Если ребенок где-нибудь потеряется, русские принимают на себя коллективную ответственность за него. Тут же появляются руки, готовые поддержать его и защитить. Однажды мы катались на коньках на небольшом катке в Парке им. Горького и оставили маленькую Лесли играть в снегу у края катка, в таком месте, где мы все время могли ее видеть. Какая-то русская мамаша сорвалась со скамейки, чтобы подобрать ее. Когда Энн подкатила к ним, женщина помахала ей — катайтесь, мол, дальше, и добрых полчаса выполняла обязанности добровольной няни: она усадила Лесли к себе на колени и развлекала ее вместе со своими детьми, а Энн могла пока спокойно кататься. Дома родительская опека выражается в том, что дети обычно избавлены от выполнения домашних обязанностей. Знакомая журналистка, женщина с рыжеватыми волосами, с огорчением говорила о таком парадоксе: в школе ее шестнадцатилетняя дочь заботится о своей одежде, сама набирает для себя еду на поднос в школьной столовой, в очередь с другими школьниками вытирает пыль, моет окна, убирает класс или спортплощадку. "Но дома Маша ничего не делает, — жаловалась женщина, — она приходит домой, усаживается за стол и ждет, чтобы ее обслуживали. Я говорю своей матери, чтобы она дала ей помыть за собой посуду. Но бабушка всегда находит предлог, чтобы уберечь ее от этого: "Маше и так достается, лучше уж я сама все сделаю”. Бабушки — вот кто в основном портит наших детей”.

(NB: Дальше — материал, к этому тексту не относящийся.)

lemma lca_weight_rotations_le:
  assumes T: "tree_on T V" and T': "tree_on T' V"
    and nonneg: "\<And>i j. i \<in> V \<Longrightarrow> j \<in> V \<Longrightarrow> i \<noteq> j \<Longrightarrow> w i j \<ge> 0"
    and sym: "\<And>i j. i \<in> V \<Longrightarrow> j \<in> V \<Longrightarrow> i \<noteq> j \<Longrightarrow> w i j = w j i"
    and triangle: "\<And>i j k. i \<in> V \<Longrightarrow> j \<in> V \<Longrightarrow> k \<in> V \<Longrightarrow> i \<noteq> j \<Longrightarrow> i \<noteq> k \<Longrightarrow> j \<noteq> k
           \<Longrightarrow> w i j \<le> w i k + w k j"
    and ijk: "i \<in> V" "j \<in> V" "k \<in> V"
  shows "lca_weight w T i j k + lca_weight w T i k j + lca_weight w T j k i
       \<le> 2 * (lca_weight w T' i j k + lca_weight w T' i k j + lca_weight w T' j k i)"
proof (cases "i \<noteq> j \<and> i \<noteq> k \<and> j \<noteq> k")
  case True
  then have distinct: "i \<noteq> j" "i \<noteq> k" "j \<noteq> k" by auto
  have "lca_weight w T i j k + lca_weight w T i k j + lca_weight w T j k i \<le> w i j + w i k + w j k"
    by (rule lca_weight_rotations_upper[OF nonneg ijk distinct])
  also have "\<dots> \<le> 2 * (lca_weight w T' i j k + lca_weight w T' i k j + lca_weight w T' j k i)"
    by (rule lca_weight_rotations_lower[OF T' nonneg sym triangle ijk distinct])
  finally show ?thesis .
next
  case False
  text \<open>A triple with a repeated leaf contributes the same amount in every tree.\<close>
  then consider "i = j" | "i = k" | "j = k" by blast
  then show ?thesis
    by cases (use ijk nonneg[of i j] nonneg[of j i] nonneg[of i k] nonneg[of j k] in
        \<open>auto simp: lca_weight_endpoints[OF T] lca_weight_endpoints[OF T']\<close>)
qed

Русский инженер, отец троих детей, сказал: "В том, как мы дрожим над своими детьми, есть что-то еврейское: мы боимся, что они заболеют, что им придется идти в армию, что с ними случится что-нибудь плохое; все это потому, что нам самим пришлось пережить много трудностей”. Если какая-нибудь семья захочет поощрить стремление подростка к самостоятельности и устроит своего дитятю на оплачиваемую работу, общество встретит такое явление в штыки. От одного знакомого я услышал историю о том, как девочка из семьи врача пошла на лето работать в качестве служащей на телеграфе. Девочка была довольна, но когда об этом узнали друзья семьи, они заявили, что заставлять "ребенка” работать — стыдно, и долбили родителей до тех пор, пока девочка не ушла с работы.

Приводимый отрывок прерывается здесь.